(* Let $b\ge 2$ be an integer, $d\in\{0,1,\dots,b-1\}$, and $d'=b-1-d$. For $i\ge1$ put $\gamma'_i=\sum_{0\le a<b,\ a\ne d'}a^i$. Define $v_{0;m}$ for $m\ge0$ recursively by $$(b^{m+1}-b+1)\,v_{0;m}=b^{m+1}+\sum_{i=1}^{m}\binom{m}{i}\gamma'_i\,v_{0;m-i},$$ and for $j\ge1$, $m\ge0$, define $v_{j;m}$ recursively by $$(b^{m+1}-b+1)\,v_{j;m}=\sum_{i=1}^{m}\binom{m}{i}\gamma'_i\,v_{j;m-i}+\sum_{i=0}^{m}\binom{m}{i}(d')^i\,v_{j-1;m-i}$$ (with $0^0=1$). In particular $v_{j;0}=b$ for all $j\ge0$. Then for every $l\ge1$ and $k\ge0$, $$H^{(k)}=\sum_{\substack{0<n<b^{l-1}\\ k(n)=k}}\frac1n\;+\;b\sum_{\substack{b^{l-1}\le n<b^{l}\\ k(n)\le k}}\frac1{n+1}\;+\;\sum_{m=1}^{\infty}\ \sum_{\substack{b^{l-1}\le n<b^{l}\\ k(n)\le k}}\frac{v_{k-k(n);m}}{(n+1)^{m+1}}.$$ Moreover, the numbers $v_{j;m}$ ($j\ge0$, $m\ge1$) satisfy: (i) $0<v_{j;m}\le b$; (ii) for fixed $j$, $(v_{j;m})_{m\ge0}$ is strictly decreasing, except when $b=2$, $d=1$, $j=0$, in which case $v_{0;m}=2$ for all $m$; (iii) for each fixed $m\ge1$, $(v_{j;m})_{j\ge0}$ is strictly decreasing and converges to $b/(m+1)$.
   Context: For an integer $n\ge0$, its (minimal) base-$b$ representation is the string of base-$b$ digits of $n$ without leading zeros (the empty string for $n=0$); $k(n)$ denotes the number of occurrences of the digit $d$ in this representation. For $k\ge0$, the Irwin sum is $H^{(k)}=\sum_{n\ge1,\ k(n)=k}1/n$ (a convergent series of positive terms; it equals $0$ when $b=2$, $d=1$, $k=0$). *)

theory Defs
  imports "HOL-Analysis.Analysis"
begin

function base_digits :: "nat \<Rightarrow> nat \<Rightarrow> nat list" where
  "base_digits b n = (if n = 0 \<or> b < 2 then [] else n mod b # base_digits b (n div b))"
  by auto
termination by (relation "Wellfounded.measure snd") auto

definition digit_count :: "nat \<Rightarrow> nat \<Rightarrow> nat \<Rightarrow> nat" where
  "digit_count b d n = count_list (base_digits b n) d"

definition irwin_sum :: "nat \<Rightarrow> nat \<Rightarrow> nat \<Rightarrow> real" where
  "irwin_sum b d k = infsum (\<lambda>n. 1 / real n) {n. 0 < n \<and> digit_count b d n = k}"

definition gamma' :: "nat \<Rightarrow> nat \<Rightarrow> nat \<Rightarrow> real" where
  "gamma' b d i = (\<Sum>a\<in>{a. a < b \<and> a \<noteq> b - 1 - d}. real a ^ i)"

fun vv :: "nat \<Rightarrow> nat \<Rightarrow> nat \<Rightarrow> nat \<Rightarrow> real" where
  "vv b d 0 m =
     (real b ^ (m+1) + (\<Sum>i\<in>{1..m}. real (m choose i) * gamma' b d i * vv b d 0 (m - i)))
     / (real b ^ (m+1) - real b + 1)"
| "vv b d (Suc j) m =
     ((\<Sum>i\<in>{1..m}. real (m choose i) * gamma' b d i * vv b d (Suc j) (m - i))
      + (\<Sum>i\<in>{0..m}. real (m choose i) * real (b - 1 - d) ^ i * vv b d j (m - i)))
     / (real b ^ (m+1) - real b + 1)"

end

theory Submission
  imports Defs
begin

text \<open>Every \<open>n \<ge> b^(l-1)\<close> is uniquely \<open>n = p b^r + s\<close> with an \<open>l\<close>-digit prefix
  \<open>b^(l-1) \<le> p < b^l\<close> and an \<open>r\<close>-digit tail \<open>s < b^r\<close>, and then \<open>k(n)\<close> is \<open>k(p)\<close> plus the
  number of digits \<open>d\<close> among the \<open>r\<close> digits of \<open>s\<close>, leading zeros included. Expanding
  \<open>1 / (p b^r + s) = \<Sum>\<^sub>m (1 - s/b^r)^m / (b^r (p+1)^(m+1))\<close> and summing over all tails with
  \<open>k - k(p)\<close> digits \<open>d\<close> turns \<open>H^(k)\<close> into the stated series, with the moments
  \<open>\<Sum>\<^sub>r \<Sum>\<^sub>s (1 - s/b^r)^m / b^r\<close> as coefficients. Splitting off the leading digit of the tail
  shows that these moments satisfy the recursion defining \<open>vv\<close>, whose solution is
  unique. Positivity, the bound \<open>b\<close> (the moment for \<open>m = 0\<close>) and the decrease in \<open>m\<close> are read
  off from the moments; the decrease in \<open>j\<close> and the limit \<open>b/(m+1)\<close> follow from the recursion
  by induction on \<open>m\<close>.\<close>

declare base_digits.simps[simp del] vv.simps[simp del]

lemma sum_atMost_eq_head_plus_tail:
  fixes f :: "nat \<Rightarrow> 'a::comm_monoid_add"
  shows "(\<Sum>i\<le>m. f i) = f 0 + (\<Sum>i\<in>{1..m}. f i)"
proof -
  have "{..m} = insert 0 {1..m}" by auto
  then show ?thesis by simp
qed

lemma sum_lessThan_power_Suc:
  fixes F :: "nat \<Rightarrow> 'a::comm_monoid_add"
  shows "(\<Sum>s<b ^ Suc r. F s) = (\<Sum>a<b. \<Sum>s<b ^ r. F (a * b ^ r + s))"
proof -
  have "(\<Sum>s<b ^ Suc r. F s) = (\<Sum>a<b. sum F {a * b ^ r ..< a * b ^ r + b ^ r})"
    using sum.nat_group[of F "b ^ r" b] by (simp add: mult.commute)
  also have "\<dots> = (\<Sum>a<b. \<Sum>s<b ^ r. F (a * b ^ r + s))"
  proof (rule sum.cong[OF refl])
    fix a
    show "sum F {a * b ^ r ..< a * b ^ r + b ^ r} = (\<Sum>s<b ^ r. F (a * b ^ r + s))"
      by (subst sum.atLeastLessThan_shift_0) (simp add: atLeast0LessThan comp_def)
  qed
  finally show ?thesis .
qed

lemma suminf_strict_mono:
  fixes f g :: "nat \<Rightarrow> real"
  assumes "summable f" "summable g" "\<And>n. f n \<le> g n" "f i < g i"
  shows "suminf f < suminf g"
proof -
  have "0 < (\<Sum>n. g n - f n)"
    using assms by (intro suminf_pos2[where i = i]) (auto intro: summable_diff)
  also have "(\<Sum>n. g n - f n) = suminf g - suminf f"
    using suminf_diff[OF assms(2,1)] by simp
  finally show ?thesis by simp
qed

lemma has_sum_SigmaI_nonneg:
  fixes f :: "'a \<times> 'b \<Rightarrow> real"
  assumes "\<And>x. x \<in> A \<Longrightarrow> ((\<lambda>y. f (x, y)) has_sum g x) (B x)"
    and "(g has_sum S) A"
    and "\<And>x y. x \<in> A \<Longrightarrow> y \<in> B x \<Longrightarrow> 0 \<le> f (x, y)"
  shows "(f has_sum S) (Sigma A B)"
  using assms by (intro has_sum_SigmaI summable_on_SigmaI) (auto dest: has_sum_imp_summable)

lemma has_sum_reciprocal_expansion:
  fixes x u :: real
  assumes "0 < x" "0 \<le> u" "u \<le> 1"
  shows "((\<lambda>m. (1 - u) ^ m / (x + 1) ^ (m + 1)) has_sum 1 / (x + u)) UNIV"
proof -
  define q where "q = (1 - u) / (x + 1)"
  have q: "0 \<le> q" "q < 1" using assms unfolding q_def by (auto simp: field_simps)
  have "(\<lambda>m. q ^ m / (x + 1)) sums (1 / (1 - q) / (x + 1))"
    using q by (intro sums_divide geometric_sums) auto
  moreover have "1 - q = (x + u) / (x + 1)"
    using assms unfolding q_def by (simp add: field_simps)
  then have "1 / (1 - q) / (x + 1) = 1 / (x + u)"
    using assms by simp
  moreover have "q ^ m / (x + 1) = (1 - u) ^ m / (x + 1) ^ (m + 1)" for m
    unfolding q_def by (simp add: power_divide)
  ultimately show ?thesis
    using assms by (intro sums_nonneg_imp_has_sum) auto
qed

lemma binomial_div_Suc_diff:
  assumes "i \<le> m"
  shows "real (m choose i) * x / real (m - i + 1) = real (Suc m choose i) * x / real (m + 1)"
proof -
  have "(m - i + 1) * (Suc m choose i) = (m + 1) * (m choose i)"
    using binomial_absorb_comp[of "Suc m" i] assms by (simp add: Suc_diff_le)
  then have "real (m - i + 1) * real (Suc m choose i) = real (m + 1) * real (m choose i)"
    by (metis of_nat_mult)
  then have "real (m choose i) * x * real (m + 1) = real (Suc m choose i) * x * real (m - i + 1)"
    by (metis mult.assoc mult.commute)
  then show ?thesis by (subst frac_eq_eq) auto
qed

lemma sum_binomial_power_sums: "(\<Sum>i\<le>m. real (Suc m choose i) * (\<Sum>a<b. real a ^ i)) = real b ^ (m + 1)"
proof -
  have "(\<Sum>i\<le>m. real (Suc m choose i) * (\<Sum>a<b. real a ^ i))
      = (\<Sum>a<b. \<Sum>i\<le>m. real (Suc m choose i) * real a ^ i)"
    by (simp add: sum_distrib_left sum.swap[of _ "{..m}"])
  also have "\<dots> = (\<Sum>a<b. real (Suc a) ^ Suc m - real a ^ Suc m)"
  proof (rule sum.cong[OF refl])
    fix a
    have "(real a + 1) ^ Suc m = (\<Sum>i\<le>Suc m. real (Suc m choose i) * real a ^ i)"
      using binomial_ring[of "real a" 1 "Suc m"] by simp
    then show "(\<Sum>i\<le>m. real (Suc m choose i) * real a ^ i) = real (Suc a) ^ Suc m - real a ^ Suc m"
      by (simp add: add.commute)
  qed
  also have "\<dots> = real b ^ (m + 1)"
    using sum_lessThan_telescope[of "\<lambda>a. real a ^ Suc m" b] by simp
  finally show ?thesis .
qed

lemma sum_binomial_power_sums_div:
  "(\<Sum>i\<in>{1..m}. real (m choose i) * (\<Sum>a<b. real a ^ i) / real (m - i + 1))
     = (real b ^ (m + 1) - real b) / real (m + 1)"
proof -
  have "(\<Sum>i\<in>{1..m}. real (m choose i) * (\<Sum>a<b. real a ^ i) / real (m - i + 1))
      = (\<Sum>i\<in>{1..m}. real (Suc m choose i) * (\<Sum>a<b. real a ^ i)) / real (m + 1)"
    unfolding sum_divide_distrib by (intro sum.cong refl binomial_div_Suc_diff) simp
  also have "(\<Sum>i\<in>{1..m}. real (Suc m choose i) * (\<Sum>a<b. real a ^ i)) = real b ^ (m + 1) - real b"
    using sum_binomial_power_sums[of m b]
      sum_atMost_eq_head_plus_tail[of "\<lambda>i. real (Suc m choose i) * (\<Sum>a<b. real a ^ i)" m]
    by simp
  finally show ?thesis .
qed

fun padded_digit_count :: "nat \<Rightarrow> nat \<Rightarrow> nat \<Rightarrow> nat \<Rightarrow> nat" where
  "padded_digit_count b d 0 s = 0"
| "padded_digit_count b d (Suc r) s = (if s mod b = d then 1 else 0) + padded_digit_count b d r (s div b)"

definition digit_moment :: "nat \<Rightarrow> nat \<Rightarrow> nat \<Rightarrow> nat \<Rightarrow> nat \<Rightarrow> real" where
  "digit_moment b d j m r =
     (\<Sum>s<b ^ r. if padded_digit_count b d r s = j then (1 - real s / real b ^ r) ^ m / real b ^ r else 0)"

text \<open>The \<open>i = 0\<close> summand \<open>(b - 1) X j m\<close> of \<open>moment_op\<close> is the term that the defining
  recursion of \<open>vv\<close> has moved to its left-hand side, see \<open>vv_moment_op_eq\<close>.\<close>

definition moment_op :: "nat \<Rightarrow> nat \<Rightarrow> (nat \<Rightarrow> nat \<Rightarrow> real) \<Rightarrow> nat \<Rightarrow> nat \<Rightarrow> real" where
  "moment_op b d X j m = (\<Sum>i\<le>m. real (m choose i) * (gamma' b d i * X j (m - i)
        + (if 0 < j then real (b - 1 - d) ^ i * X (j - 1) (m - i) else 0)))"

definition vv_source :: "nat \<Rightarrow> nat \<Rightarrow> nat \<Rightarrow> nat \<Rightarrow> real" where
  "vv_source b d j m = (if j = 0 then real b ^ (m + 1)
     else (\<Sum>i\<le>m. real (m choose i) * real (b - 1 - d) ^ i * vv b d (j - 1) (m - i)))"

definition tail_blocks :: "nat \<Rightarrow> nat \<Rightarrow> nat \<Rightarrow> (nat \<times> nat) set" where
  "tail_blocks b d j = Sigma UNIV (\<lambda>r. {s. s < b ^ r \<and> padded_digit_count b d r s = j})"

lemma gamma'_nonneg: "0 \<le> gamma' b d i"
  unfolding gamma'_def by (intro sum_nonneg) auto

lemma moment_op_sum:
  "(\<Sum>r\<in>A. moment_op b d (X r) j m) = moment_op b d (\<lambda>j m. \<Sum>r\<in>A. X r j m) j m"
  unfolding moment_op_def
  by (subst sum.swap) (cases "0 < j"; simp add: sum_distrib_left sum.distrib distrib_left mult.assoc)

lemma moment_op_mono:
  assumes "\<And>j m. X j m \<le> Y j m"
  shows "moment_op b d X j m \<le> moment_op b d Y j m"
  unfolding moment_op_def
  by (intro sum_mono mult_left_mono add_mono) (auto intro!: mult_left_mono assms gamma'_nonneg)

════════

■ How to complete this task ■
The listing above holds a line with "using suminf_diff[OF assms(2,1)] by simp" and a line with "has_sum S) (Sigma". Print the stretch from the first through the second, exactly and alone.

■ Written answer ■
    using suminf_diff[OF assms(2,1)] by simp
  finally show ?thesis by simp
qed

lemma has_sum_SigmaI_nonneg:
  fixes f :: "'a \<times> 'b \<Rightarrow> real"
  assumes "\<And>x. x \<in> A \<Longrightarrow> ((\<lambda>y. f (x, y)) has_sum g x) (B x)"
    and "(g has_sum S) A"
    and "\<And>x y. x \<in> A \<Longrightarrow> y \<in> B x \<Longrightarrow> 0 \<le> f (x, y)"
  shows "(f has_sum S) (Sigma A B)"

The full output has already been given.